■ TASK BRIEF: Please give the number of lines in the records below where the word "UNIV" occurs, and nothing else.

##### ENTRIES SHOWN

(* Let $\mathcal{G}$ be a 2-player finite game, let $y(t)$ solve $\dot y_k=v_k(Q(y))$, $k=1,2$, and let $x(t)=Q(y(t))$. Then the $\omega$-limit set of the time average $\bar x(t)=t^{-1}\int_0^tx(s)\,ds$ is internally chain transitive under the best response dynamics $\dot x_k\in\mathtt{br}_k(x)-x_k$, $k=1,2$.
   Context: Setting: finite game with players $\{1,2\}$, action sets $\mathcal{A}_k$, mixed strategies $\mathcal{X}_k=\Delta(\mathcal{A}_k)$, $\mathcal{X}=\mathcal{X}_1\times\mathcal{X}_2$, bilinear expected payoffs $u_k$, payoff vectors $v_k(x)=(u_k(\alpha;x_{-k}))_{\alpha\in\mathcal{A}_k}$. Each player has a penalty function $h_k$ on $\mathcal{X}_k$ (continuous, $C^\infty$ on relative interiors of faces, strongly convex: $h(tx_1+(1-t)x_2)\le th(x_1)+(1-t)h(x_2)-\tfrac12Kt(1-t)\|x_1-x_2\|^2$, $K>0$), with choice map $Q_k(y_k)=\arg\max_{x_k\in\mathcal{X}_k}\{\langle y_k,x_k\rangle-h_k(x_k)\}$. The best response correspondence is $\mathtt{br}_k(x)=\arg\max_{x_k'\in\mathcal{X}_k}\langle v_k(x),x_k'\rangle$. A compact set $L\subseteq\mathcal{X}$ is internally chain transitive for a differential inclusion if for all $x,z\in L$, $\varepsilon>0$, $T>0$ there exist $n\ge1$, solutions $z_1,\dots,z_n$ of the inclusion and times $t_1,\dots,t_n\ge T$ with $z_i([0,t_i])\subseteq L$, $\|z_i(t_i)-z_{i+1}(0)\|\le\varepsilon$ for $i<n$, $\|z_1(0)-x\|\le\varepsilon$ and $\|z_n(t_n)-z\|\le\varepsilon$. *)

theory Defs
  imports "HOL-Analysis.Analysis"
begin
lemma convex_on_imp_above_tangent_plane:
  fixes \<phi> :: "'a::real_inner \<Rightarrow> real"
  assumes cvx: "convex_on UNIV \<phi>"
    and deriv: "(\<phi> has_derivative (\<lambda>h. g \<bullet> h)) (at x)"
  shows "\<phi> x + g \<bullet> (y - x) \<le> \<phi> y"
proof -
  define f where "f t = \<phi> (x + t *\<^sub>R (y - x))" for t :: real
  have "convex_on UNIV f"
  proof (rule convex_onI)
    fix t s u :: real
    have "x + ((1 - t) * s + t * u) *\<^sub>R (y - x)
        = (1 - t) *\<^sub>R (x + s *\<^sub>R (y - x)) + t *\<^sub>R (x + u *\<^sub>R (y - x))"
      by (simp add: algebra_simps)
    moreover assume "0 < t" "t < 1"
    ultimately show "f ((1 - t) *\<^sub>R s + t *\<^sub>R u) \<le> (1 - t) * f s + t * f u"
      unfolding f_def using convex_onD[OF cvx, of t] by simp
  qed simp
  moreover have "(f has_field_derivative g \<bullet> (y - x)) (at 0)"
  proof -
    have "((\<lambda>t. x + t *\<^sub>R (y - x)) has_derivative (\<lambda>t. t *\<^sub>R (y - x))) (at 0)"
      by (auto intro!: derivative_eq_intros)
    from has_derivative_compose[OF this, of \<phi> "\<lambda>h. g \<bullet> h"] deriv
    have "(f has_derivative (\<lambda>t. t * (g \<bullet> (y - x)))) (at 0)"
      unfolding f_def by simp
    moreover have "(\<lambda>t. t * (g \<bullet> (y - x))) = (*) (g \<bullet> (y - x))"
      by (simp add: fun_eq_iff)
    ultimately show ?thesis
      by (simp add: has_field_derivative_def)
  qed
  ultimately have "g \<bullet> (y - x) \<le> f 1 - f 0"
    using convex_on_imp_above_tangent[of UNIV f 0 1] by simp
  then show ?thesis
    unfolding f_def by simp
qed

##########

■ ANSWER: 3